(Records excerpted from a collection)
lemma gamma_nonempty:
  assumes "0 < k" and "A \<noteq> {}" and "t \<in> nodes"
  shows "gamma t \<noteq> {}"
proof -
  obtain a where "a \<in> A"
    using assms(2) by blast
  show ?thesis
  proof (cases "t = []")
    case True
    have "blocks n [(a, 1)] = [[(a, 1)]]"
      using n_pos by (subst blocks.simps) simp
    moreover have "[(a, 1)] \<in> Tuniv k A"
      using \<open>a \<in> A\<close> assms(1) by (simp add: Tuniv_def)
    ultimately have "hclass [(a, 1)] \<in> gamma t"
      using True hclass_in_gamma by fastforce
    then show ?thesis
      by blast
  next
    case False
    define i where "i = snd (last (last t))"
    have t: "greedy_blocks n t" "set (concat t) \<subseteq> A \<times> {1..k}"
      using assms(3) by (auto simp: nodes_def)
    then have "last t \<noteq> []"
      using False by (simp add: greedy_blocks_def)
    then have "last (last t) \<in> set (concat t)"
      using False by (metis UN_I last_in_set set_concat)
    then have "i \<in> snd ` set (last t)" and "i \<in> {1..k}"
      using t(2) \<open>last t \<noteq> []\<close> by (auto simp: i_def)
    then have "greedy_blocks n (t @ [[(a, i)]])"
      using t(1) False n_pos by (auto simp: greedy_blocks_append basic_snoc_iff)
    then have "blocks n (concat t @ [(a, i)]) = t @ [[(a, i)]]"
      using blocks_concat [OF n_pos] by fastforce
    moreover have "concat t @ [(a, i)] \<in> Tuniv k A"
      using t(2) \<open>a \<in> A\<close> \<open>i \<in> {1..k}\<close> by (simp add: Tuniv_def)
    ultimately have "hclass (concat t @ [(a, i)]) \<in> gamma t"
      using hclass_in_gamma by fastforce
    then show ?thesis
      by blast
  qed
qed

...

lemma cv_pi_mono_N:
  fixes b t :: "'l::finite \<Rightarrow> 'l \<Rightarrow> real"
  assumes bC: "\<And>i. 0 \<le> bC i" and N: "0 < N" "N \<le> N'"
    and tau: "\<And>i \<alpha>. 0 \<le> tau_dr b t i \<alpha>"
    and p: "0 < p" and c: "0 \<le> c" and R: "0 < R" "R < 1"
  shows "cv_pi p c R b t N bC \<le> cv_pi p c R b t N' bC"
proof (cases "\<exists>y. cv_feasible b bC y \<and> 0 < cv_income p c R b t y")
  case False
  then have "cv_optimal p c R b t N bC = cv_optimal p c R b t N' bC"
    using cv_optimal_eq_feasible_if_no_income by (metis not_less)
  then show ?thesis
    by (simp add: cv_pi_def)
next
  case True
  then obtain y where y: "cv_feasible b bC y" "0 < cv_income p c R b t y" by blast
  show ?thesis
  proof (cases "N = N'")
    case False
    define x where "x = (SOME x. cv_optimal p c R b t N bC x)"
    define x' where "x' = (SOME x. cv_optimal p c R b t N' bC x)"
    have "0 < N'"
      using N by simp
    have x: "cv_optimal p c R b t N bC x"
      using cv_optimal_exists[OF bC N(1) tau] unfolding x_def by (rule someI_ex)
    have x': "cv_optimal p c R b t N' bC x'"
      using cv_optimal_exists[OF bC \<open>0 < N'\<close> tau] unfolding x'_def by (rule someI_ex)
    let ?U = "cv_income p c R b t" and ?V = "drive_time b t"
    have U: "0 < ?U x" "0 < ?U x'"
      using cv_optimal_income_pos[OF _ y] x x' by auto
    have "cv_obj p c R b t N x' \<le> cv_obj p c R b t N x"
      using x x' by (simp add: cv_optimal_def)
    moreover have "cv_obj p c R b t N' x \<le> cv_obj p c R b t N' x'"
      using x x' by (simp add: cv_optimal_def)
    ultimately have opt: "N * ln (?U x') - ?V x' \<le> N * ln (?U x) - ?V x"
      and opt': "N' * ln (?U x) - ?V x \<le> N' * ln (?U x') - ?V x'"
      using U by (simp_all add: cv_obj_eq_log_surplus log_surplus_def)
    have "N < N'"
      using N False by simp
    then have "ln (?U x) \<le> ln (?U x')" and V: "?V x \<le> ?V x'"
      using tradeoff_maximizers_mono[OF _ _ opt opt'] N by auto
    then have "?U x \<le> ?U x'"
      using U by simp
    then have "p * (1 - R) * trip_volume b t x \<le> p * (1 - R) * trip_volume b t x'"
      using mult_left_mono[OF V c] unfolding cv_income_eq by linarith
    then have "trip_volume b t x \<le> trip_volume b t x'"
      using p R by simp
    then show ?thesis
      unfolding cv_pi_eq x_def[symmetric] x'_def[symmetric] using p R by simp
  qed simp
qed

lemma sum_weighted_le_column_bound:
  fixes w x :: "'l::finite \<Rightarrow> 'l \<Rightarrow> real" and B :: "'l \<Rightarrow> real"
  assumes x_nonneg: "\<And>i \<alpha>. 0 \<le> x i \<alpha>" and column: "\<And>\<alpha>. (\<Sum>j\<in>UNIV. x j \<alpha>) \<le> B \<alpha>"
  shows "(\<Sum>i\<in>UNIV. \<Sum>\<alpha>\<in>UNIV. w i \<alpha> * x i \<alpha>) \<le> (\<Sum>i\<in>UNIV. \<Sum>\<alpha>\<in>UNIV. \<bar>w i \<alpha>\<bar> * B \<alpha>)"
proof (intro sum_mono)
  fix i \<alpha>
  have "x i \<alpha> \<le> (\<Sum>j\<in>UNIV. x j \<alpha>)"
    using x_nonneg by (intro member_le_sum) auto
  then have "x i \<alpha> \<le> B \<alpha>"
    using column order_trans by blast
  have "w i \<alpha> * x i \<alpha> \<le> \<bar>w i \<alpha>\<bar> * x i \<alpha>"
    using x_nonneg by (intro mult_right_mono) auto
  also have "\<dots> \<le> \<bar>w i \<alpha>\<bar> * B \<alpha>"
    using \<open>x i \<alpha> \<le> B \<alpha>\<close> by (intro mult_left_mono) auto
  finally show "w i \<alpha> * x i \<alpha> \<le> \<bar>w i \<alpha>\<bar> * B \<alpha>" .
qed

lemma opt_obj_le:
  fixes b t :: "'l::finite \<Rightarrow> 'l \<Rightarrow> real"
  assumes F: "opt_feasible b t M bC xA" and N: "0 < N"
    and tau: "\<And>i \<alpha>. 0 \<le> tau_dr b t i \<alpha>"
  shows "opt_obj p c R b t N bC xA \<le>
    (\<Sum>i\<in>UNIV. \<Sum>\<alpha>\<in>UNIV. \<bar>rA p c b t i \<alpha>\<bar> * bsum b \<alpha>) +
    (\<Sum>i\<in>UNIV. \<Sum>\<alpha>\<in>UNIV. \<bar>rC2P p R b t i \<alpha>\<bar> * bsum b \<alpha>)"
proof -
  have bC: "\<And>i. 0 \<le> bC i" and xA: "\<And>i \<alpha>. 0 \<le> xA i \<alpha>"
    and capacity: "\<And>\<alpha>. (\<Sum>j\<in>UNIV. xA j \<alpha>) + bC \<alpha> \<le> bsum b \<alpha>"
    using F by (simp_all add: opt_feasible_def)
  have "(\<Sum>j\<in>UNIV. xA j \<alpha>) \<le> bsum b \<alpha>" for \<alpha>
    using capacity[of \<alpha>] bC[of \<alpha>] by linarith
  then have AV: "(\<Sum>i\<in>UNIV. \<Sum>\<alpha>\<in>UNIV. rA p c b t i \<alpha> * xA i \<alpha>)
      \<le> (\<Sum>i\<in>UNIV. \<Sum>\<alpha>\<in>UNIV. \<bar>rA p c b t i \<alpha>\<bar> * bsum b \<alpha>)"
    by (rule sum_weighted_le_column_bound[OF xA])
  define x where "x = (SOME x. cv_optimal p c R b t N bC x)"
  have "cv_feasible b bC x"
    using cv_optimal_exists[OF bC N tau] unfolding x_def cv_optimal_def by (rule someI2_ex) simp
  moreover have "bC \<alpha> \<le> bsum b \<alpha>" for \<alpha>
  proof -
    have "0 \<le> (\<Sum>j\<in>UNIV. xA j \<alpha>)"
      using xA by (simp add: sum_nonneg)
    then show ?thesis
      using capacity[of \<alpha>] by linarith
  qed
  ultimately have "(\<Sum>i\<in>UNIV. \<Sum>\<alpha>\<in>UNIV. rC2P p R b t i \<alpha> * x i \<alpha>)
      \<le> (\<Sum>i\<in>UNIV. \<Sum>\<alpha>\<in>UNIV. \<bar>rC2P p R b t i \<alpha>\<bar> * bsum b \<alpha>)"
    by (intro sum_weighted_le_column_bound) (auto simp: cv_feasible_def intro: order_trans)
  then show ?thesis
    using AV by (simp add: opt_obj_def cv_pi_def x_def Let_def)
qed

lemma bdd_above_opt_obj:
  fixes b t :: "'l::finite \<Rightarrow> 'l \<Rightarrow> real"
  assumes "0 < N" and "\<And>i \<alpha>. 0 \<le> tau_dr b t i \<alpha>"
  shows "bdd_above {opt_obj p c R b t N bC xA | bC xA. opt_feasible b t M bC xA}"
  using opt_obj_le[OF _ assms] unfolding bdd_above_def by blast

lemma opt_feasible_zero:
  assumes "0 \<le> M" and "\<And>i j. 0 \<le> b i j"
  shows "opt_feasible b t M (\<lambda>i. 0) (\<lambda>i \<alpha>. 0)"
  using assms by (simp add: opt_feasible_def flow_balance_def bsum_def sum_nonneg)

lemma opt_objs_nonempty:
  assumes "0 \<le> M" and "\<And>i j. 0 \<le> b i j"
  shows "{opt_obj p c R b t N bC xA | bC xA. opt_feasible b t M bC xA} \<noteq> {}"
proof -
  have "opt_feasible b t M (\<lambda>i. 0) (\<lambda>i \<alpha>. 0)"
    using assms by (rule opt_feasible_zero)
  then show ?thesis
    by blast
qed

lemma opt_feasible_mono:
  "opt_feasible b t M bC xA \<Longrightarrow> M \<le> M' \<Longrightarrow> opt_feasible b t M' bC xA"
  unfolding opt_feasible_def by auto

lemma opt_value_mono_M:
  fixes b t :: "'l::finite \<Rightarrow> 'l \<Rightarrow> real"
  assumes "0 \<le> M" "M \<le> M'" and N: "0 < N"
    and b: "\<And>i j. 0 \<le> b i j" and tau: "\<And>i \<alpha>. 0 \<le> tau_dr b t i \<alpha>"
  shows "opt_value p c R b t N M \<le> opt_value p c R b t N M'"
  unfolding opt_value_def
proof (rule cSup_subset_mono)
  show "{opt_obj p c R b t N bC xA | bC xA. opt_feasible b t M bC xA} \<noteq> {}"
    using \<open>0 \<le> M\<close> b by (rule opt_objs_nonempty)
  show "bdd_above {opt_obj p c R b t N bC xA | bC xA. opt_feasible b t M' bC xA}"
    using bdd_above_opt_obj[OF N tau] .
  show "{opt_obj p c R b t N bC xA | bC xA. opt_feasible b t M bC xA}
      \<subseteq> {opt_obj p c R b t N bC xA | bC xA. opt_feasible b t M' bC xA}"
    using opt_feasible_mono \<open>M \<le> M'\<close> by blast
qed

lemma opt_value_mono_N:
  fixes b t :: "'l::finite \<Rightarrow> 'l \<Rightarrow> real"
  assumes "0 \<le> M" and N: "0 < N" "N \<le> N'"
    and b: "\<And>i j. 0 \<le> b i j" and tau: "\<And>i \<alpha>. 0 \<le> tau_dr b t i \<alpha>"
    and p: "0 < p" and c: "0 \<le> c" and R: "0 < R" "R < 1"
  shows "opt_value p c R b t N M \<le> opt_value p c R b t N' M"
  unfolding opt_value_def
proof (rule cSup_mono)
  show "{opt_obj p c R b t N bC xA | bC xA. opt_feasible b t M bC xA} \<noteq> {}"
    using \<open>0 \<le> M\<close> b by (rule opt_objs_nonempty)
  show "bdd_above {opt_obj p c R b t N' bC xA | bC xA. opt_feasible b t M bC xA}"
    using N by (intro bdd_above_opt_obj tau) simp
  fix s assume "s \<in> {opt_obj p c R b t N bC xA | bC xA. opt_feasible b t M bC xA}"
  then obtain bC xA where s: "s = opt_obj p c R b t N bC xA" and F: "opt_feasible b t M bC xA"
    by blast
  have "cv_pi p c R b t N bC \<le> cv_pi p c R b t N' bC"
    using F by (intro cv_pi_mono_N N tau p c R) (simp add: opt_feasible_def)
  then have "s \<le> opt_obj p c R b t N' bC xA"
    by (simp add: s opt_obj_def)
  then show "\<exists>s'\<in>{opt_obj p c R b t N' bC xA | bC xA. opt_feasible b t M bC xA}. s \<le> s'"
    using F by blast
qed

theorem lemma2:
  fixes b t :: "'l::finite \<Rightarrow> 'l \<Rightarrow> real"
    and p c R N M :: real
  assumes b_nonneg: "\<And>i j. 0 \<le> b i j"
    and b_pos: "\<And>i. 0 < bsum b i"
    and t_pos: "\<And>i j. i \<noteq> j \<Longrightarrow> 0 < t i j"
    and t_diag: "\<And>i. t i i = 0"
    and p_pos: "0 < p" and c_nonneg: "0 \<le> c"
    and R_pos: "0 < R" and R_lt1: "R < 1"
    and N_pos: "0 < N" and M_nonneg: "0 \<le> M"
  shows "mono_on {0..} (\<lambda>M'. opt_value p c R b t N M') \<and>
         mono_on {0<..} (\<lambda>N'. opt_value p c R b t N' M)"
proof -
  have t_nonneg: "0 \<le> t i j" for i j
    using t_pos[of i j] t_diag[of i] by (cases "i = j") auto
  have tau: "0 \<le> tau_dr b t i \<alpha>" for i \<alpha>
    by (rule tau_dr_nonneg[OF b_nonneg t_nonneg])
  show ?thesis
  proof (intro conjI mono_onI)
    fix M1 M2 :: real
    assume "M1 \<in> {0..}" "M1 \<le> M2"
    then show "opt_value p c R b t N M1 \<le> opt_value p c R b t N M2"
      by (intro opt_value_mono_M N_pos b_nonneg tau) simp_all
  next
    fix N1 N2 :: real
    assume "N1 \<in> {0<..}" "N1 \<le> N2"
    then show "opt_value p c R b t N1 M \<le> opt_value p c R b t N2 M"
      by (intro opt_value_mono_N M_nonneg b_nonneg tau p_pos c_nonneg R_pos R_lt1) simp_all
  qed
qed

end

==

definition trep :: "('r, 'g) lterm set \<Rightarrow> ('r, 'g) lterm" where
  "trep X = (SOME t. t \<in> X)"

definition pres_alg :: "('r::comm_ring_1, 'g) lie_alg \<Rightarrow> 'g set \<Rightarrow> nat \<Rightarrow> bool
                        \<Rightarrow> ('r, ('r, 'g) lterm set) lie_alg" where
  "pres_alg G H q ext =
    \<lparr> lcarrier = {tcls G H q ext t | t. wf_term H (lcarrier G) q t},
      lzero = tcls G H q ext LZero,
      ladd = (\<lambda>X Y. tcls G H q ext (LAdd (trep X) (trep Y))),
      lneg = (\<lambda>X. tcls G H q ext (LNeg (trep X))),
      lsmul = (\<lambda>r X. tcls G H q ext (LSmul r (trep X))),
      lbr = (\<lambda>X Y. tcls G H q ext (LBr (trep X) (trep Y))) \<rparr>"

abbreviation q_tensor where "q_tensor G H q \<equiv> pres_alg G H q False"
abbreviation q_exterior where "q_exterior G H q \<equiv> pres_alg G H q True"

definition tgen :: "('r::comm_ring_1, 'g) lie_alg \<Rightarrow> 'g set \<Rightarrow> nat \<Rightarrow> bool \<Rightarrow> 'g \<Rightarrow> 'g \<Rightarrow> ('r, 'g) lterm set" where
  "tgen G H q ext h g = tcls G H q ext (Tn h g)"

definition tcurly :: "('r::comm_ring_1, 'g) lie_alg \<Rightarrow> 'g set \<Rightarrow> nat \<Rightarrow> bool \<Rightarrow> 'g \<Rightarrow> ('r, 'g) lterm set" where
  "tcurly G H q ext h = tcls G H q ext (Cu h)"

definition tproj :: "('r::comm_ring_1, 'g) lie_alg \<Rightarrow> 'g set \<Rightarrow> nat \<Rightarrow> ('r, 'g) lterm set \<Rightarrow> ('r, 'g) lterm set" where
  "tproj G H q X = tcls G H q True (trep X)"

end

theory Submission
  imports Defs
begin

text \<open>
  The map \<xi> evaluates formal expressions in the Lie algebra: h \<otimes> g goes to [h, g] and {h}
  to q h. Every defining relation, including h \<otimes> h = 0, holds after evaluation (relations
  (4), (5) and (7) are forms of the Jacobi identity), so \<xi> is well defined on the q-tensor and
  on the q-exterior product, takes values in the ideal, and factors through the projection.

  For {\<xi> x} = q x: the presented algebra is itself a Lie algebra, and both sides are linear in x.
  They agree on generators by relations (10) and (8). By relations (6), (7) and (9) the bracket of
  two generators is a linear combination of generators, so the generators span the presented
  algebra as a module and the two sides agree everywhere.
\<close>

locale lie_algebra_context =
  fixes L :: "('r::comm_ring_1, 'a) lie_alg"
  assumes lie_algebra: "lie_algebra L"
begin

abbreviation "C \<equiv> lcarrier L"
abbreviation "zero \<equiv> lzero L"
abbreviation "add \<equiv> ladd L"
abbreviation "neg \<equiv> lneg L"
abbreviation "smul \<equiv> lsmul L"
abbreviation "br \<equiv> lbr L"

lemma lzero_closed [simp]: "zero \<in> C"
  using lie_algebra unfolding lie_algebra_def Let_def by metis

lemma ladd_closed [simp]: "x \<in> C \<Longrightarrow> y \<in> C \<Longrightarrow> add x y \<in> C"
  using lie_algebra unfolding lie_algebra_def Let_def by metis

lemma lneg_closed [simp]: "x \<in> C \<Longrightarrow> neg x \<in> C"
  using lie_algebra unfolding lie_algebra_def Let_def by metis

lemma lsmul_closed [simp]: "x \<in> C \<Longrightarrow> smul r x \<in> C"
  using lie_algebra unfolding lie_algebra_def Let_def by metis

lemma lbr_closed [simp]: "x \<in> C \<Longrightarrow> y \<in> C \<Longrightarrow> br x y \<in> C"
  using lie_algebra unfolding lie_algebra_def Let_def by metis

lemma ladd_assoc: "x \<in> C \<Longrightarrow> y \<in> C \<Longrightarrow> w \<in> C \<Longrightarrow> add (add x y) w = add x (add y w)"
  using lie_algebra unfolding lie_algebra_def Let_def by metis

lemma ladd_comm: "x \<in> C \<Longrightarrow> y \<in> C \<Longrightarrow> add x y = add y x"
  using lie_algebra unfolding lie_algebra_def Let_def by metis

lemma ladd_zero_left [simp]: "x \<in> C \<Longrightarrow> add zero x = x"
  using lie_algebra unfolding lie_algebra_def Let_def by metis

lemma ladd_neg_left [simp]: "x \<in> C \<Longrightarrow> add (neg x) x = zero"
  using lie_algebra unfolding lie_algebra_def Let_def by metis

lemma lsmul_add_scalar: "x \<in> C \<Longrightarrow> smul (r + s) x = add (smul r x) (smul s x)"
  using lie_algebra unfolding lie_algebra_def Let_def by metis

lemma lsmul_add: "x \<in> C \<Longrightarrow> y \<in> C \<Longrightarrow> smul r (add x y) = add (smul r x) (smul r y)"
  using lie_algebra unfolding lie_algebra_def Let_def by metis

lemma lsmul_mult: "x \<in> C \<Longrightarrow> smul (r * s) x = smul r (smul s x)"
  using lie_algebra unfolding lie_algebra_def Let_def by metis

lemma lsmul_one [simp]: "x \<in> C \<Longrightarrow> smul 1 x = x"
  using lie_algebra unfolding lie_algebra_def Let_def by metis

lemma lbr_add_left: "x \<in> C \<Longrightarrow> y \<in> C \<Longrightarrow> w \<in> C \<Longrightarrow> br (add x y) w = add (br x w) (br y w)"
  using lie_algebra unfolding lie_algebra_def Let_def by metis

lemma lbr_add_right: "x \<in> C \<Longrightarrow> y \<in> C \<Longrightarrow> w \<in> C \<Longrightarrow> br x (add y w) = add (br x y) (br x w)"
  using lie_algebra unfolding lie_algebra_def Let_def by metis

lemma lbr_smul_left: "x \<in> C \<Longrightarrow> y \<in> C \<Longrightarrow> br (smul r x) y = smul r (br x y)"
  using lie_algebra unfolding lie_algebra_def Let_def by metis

(Exercise goal):
Of all the lines in the data above, show only those that hold the word "presented".

(Answer space):
  For {\<xi> x} = q x: the presented algebra is itself a Lie algebra, and both sides are linear in x.
  two generators is a linear combination of generators, so the generators span the presented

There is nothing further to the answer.